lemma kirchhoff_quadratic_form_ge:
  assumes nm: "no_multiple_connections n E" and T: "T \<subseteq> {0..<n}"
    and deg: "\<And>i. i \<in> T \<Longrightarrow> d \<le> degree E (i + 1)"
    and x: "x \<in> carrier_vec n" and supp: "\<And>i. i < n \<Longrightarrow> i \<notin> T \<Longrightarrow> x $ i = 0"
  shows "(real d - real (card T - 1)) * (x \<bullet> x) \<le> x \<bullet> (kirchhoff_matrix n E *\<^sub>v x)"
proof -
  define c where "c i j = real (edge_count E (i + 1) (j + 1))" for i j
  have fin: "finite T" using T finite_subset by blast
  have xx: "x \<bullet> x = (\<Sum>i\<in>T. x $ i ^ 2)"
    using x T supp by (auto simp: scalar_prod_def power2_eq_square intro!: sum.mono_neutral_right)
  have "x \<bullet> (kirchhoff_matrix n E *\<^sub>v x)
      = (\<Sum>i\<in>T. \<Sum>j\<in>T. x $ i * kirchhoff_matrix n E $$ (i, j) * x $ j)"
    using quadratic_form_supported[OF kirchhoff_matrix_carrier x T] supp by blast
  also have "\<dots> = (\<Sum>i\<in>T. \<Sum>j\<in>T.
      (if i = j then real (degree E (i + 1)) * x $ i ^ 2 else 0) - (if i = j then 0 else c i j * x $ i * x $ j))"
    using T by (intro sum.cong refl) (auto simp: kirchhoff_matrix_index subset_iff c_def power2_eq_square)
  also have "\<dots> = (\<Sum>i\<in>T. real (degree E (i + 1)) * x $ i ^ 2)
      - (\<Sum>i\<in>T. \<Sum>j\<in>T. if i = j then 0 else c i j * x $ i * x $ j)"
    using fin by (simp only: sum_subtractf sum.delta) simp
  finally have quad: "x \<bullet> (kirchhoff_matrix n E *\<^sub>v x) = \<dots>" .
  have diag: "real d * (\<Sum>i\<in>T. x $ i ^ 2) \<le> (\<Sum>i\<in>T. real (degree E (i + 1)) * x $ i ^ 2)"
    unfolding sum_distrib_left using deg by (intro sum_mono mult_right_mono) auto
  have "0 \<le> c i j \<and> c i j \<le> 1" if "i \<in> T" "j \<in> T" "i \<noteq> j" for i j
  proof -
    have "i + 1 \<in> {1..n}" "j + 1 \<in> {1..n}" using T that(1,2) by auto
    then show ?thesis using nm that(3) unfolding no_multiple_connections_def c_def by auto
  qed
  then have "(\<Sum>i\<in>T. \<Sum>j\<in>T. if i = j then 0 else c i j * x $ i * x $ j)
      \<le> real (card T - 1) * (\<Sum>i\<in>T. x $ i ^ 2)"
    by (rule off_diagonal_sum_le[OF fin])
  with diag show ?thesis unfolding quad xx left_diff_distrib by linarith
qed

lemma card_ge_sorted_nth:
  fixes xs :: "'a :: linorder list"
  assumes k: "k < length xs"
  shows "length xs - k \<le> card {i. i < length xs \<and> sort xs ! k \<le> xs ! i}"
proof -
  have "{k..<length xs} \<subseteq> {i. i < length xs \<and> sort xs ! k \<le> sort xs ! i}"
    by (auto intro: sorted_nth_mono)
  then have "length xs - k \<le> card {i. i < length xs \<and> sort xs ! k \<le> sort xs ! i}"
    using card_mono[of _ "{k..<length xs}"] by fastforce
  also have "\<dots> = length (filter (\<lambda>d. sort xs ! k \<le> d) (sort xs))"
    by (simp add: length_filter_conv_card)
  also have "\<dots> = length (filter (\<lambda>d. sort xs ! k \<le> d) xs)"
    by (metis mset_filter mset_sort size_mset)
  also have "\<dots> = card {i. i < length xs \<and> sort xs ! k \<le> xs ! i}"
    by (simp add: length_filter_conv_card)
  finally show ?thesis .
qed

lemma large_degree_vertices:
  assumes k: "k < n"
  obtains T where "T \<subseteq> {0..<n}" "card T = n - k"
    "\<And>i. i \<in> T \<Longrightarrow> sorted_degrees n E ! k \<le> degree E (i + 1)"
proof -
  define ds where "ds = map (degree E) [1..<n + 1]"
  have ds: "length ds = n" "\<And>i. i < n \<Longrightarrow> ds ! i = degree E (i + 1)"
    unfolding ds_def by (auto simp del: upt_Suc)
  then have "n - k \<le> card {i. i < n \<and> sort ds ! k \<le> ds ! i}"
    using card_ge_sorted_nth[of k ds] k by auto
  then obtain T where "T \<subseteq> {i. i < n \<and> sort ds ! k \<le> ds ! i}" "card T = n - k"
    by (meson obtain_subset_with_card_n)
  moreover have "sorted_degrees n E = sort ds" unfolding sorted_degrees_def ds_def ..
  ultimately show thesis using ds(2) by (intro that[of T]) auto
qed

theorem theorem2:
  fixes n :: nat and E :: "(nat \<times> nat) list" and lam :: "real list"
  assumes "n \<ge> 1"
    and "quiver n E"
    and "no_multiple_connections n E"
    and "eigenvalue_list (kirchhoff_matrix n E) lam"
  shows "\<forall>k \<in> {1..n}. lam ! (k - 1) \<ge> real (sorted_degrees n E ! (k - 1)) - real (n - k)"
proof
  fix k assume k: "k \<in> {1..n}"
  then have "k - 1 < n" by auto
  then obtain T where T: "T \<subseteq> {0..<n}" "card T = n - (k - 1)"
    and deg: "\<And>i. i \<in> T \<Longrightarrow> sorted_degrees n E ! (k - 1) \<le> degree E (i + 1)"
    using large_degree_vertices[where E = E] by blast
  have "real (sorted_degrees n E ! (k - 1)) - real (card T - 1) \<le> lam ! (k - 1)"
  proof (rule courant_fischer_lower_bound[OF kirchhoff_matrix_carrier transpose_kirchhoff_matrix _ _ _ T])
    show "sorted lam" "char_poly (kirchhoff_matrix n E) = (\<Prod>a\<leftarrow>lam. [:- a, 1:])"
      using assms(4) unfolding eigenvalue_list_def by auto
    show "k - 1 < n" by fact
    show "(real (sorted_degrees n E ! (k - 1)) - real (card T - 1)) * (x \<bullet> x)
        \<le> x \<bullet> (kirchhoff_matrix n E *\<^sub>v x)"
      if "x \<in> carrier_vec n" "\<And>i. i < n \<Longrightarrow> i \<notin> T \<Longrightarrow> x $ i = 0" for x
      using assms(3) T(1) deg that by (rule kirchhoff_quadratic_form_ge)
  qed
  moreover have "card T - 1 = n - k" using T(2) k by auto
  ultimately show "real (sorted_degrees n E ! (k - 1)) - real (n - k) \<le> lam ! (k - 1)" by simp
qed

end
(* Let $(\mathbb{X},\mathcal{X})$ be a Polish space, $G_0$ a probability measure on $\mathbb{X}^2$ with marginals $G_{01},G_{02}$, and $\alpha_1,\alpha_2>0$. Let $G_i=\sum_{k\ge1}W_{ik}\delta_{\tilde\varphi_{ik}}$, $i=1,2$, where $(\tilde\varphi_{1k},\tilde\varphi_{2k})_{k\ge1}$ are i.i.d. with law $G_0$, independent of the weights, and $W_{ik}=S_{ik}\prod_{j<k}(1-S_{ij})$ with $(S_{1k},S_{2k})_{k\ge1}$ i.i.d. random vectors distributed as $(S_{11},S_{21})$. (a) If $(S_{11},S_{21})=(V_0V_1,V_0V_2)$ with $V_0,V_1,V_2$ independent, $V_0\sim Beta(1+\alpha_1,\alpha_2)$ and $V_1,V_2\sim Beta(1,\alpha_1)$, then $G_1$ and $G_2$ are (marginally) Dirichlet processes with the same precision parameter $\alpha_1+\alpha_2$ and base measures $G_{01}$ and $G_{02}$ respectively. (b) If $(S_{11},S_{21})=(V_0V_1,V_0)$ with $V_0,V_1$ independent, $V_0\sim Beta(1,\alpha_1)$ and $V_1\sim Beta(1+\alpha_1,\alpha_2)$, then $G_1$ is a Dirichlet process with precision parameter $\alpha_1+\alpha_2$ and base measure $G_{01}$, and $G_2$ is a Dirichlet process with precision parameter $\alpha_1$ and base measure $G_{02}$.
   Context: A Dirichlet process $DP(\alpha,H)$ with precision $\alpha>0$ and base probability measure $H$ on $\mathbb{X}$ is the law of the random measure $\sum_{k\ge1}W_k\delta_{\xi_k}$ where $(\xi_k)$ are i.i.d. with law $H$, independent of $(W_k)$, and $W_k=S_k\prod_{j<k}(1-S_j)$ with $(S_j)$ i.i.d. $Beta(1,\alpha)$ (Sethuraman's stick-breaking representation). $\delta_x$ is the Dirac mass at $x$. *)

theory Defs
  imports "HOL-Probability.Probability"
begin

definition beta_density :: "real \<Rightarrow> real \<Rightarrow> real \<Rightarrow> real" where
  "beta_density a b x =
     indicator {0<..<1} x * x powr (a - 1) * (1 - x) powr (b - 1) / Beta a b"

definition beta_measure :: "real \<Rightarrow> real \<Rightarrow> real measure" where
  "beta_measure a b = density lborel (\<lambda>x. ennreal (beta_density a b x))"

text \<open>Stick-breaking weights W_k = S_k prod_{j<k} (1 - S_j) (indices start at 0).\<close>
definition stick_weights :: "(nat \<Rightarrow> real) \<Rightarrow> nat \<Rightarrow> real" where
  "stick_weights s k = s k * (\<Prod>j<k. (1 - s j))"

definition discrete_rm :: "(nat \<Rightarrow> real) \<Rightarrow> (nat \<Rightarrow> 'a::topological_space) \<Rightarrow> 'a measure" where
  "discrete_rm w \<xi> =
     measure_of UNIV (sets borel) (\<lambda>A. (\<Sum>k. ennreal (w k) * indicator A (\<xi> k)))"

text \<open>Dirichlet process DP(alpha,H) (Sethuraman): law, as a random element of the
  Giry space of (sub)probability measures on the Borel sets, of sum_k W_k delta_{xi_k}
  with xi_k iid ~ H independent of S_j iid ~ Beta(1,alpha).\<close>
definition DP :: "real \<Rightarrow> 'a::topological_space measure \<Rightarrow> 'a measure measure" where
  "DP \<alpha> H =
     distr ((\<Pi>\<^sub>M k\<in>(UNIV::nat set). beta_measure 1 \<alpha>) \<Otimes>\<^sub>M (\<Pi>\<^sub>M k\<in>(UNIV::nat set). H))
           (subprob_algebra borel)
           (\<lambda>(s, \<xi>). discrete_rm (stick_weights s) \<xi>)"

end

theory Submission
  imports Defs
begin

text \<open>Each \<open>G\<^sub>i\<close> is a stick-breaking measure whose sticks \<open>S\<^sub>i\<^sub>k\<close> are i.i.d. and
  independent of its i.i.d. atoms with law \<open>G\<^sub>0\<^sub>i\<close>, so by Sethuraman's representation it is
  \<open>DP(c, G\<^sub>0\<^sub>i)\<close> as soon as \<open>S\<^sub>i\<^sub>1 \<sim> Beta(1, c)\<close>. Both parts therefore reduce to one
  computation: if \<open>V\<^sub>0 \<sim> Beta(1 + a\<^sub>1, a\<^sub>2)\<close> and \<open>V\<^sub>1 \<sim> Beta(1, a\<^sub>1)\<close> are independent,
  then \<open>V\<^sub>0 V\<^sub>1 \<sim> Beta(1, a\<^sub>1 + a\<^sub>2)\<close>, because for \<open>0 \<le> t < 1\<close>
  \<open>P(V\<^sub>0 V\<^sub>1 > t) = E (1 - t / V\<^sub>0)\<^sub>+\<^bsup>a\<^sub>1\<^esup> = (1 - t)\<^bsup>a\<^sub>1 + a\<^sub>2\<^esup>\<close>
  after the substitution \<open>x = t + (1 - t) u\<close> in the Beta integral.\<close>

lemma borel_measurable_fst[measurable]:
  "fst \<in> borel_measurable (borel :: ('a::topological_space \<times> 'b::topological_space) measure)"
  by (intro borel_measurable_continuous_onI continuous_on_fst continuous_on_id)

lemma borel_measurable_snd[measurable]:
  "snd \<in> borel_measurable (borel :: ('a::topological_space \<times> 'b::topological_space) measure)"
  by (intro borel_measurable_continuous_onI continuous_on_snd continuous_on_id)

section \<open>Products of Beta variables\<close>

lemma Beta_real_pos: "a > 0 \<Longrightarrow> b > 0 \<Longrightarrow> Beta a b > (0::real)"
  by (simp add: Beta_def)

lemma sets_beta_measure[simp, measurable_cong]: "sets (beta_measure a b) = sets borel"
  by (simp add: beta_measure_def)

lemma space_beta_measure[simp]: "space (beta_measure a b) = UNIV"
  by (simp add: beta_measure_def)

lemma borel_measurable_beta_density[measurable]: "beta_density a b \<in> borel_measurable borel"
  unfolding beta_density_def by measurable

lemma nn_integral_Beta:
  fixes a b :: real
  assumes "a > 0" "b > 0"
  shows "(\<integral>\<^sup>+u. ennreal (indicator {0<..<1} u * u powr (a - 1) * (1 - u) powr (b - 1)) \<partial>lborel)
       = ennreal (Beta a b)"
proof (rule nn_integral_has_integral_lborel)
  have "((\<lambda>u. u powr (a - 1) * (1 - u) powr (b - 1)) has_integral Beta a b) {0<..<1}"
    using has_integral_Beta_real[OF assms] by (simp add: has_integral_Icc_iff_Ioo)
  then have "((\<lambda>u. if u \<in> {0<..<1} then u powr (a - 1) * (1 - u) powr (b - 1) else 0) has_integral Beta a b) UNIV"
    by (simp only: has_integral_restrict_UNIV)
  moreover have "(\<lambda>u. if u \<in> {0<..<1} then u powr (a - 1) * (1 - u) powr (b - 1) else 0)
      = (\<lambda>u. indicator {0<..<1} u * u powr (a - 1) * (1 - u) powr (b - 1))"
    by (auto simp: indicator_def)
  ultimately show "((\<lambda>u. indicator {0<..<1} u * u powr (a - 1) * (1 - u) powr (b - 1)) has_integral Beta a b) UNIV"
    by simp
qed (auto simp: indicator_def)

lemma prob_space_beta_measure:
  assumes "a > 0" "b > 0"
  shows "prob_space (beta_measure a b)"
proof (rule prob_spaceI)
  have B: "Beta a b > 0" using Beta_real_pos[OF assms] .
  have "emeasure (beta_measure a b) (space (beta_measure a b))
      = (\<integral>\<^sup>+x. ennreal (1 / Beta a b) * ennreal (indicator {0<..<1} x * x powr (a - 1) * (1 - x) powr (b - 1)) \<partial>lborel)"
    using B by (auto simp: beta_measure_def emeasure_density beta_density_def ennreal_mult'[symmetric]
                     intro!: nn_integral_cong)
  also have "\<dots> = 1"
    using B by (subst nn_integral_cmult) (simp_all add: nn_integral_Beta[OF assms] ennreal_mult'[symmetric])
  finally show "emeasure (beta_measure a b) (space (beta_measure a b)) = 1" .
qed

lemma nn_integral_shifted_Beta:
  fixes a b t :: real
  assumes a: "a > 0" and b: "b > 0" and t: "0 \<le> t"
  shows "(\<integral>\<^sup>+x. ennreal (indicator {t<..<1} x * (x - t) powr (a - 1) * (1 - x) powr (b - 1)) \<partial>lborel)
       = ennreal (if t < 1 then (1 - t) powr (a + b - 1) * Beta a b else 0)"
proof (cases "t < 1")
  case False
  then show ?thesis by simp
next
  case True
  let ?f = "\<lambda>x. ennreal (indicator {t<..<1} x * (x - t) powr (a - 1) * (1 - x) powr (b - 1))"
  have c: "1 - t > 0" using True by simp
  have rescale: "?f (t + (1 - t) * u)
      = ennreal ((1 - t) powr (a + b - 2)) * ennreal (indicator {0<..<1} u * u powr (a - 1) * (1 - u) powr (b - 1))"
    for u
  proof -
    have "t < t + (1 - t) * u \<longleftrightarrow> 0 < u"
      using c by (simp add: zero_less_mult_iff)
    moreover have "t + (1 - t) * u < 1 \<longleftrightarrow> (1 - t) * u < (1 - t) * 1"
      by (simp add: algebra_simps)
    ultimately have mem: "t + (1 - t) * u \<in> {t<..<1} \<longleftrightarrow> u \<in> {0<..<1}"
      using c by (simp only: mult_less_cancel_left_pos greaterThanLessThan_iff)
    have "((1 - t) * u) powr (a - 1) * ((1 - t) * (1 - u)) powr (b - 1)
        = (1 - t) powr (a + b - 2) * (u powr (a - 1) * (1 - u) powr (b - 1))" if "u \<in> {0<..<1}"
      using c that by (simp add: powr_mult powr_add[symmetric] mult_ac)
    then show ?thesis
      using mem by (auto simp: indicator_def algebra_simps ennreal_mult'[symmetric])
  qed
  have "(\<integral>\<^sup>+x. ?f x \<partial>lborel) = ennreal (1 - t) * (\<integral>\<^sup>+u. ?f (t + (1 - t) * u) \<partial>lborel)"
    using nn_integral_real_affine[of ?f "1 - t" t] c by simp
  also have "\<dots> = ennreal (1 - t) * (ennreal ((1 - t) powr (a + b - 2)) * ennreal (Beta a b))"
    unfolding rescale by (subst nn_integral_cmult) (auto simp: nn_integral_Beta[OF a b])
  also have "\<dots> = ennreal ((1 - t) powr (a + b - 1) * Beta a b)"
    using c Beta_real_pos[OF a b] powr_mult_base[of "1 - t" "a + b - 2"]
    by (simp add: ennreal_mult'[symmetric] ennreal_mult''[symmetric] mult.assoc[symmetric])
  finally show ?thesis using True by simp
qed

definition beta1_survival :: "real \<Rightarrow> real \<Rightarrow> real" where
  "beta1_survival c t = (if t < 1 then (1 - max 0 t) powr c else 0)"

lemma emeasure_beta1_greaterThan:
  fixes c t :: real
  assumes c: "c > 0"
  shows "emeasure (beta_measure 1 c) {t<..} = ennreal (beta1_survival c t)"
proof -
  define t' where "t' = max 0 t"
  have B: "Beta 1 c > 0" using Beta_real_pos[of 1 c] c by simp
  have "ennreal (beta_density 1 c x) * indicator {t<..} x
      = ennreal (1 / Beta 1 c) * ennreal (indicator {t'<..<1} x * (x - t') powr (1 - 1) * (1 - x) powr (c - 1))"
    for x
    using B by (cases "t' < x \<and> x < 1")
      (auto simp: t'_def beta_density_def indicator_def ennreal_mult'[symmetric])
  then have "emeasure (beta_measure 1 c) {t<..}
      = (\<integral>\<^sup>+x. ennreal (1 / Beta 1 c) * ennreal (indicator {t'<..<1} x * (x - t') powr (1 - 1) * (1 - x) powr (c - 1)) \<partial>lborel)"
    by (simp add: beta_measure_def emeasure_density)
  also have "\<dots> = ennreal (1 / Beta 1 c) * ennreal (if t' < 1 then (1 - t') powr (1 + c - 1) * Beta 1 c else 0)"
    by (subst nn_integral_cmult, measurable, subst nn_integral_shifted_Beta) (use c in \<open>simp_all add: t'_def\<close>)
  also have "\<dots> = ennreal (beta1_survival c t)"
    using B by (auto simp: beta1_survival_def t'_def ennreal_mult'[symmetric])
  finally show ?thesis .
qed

───

» Exercise
How many lines of the material above hold the string "rescale"? Reply with the number and nothing else.

» Answer to the exercise
2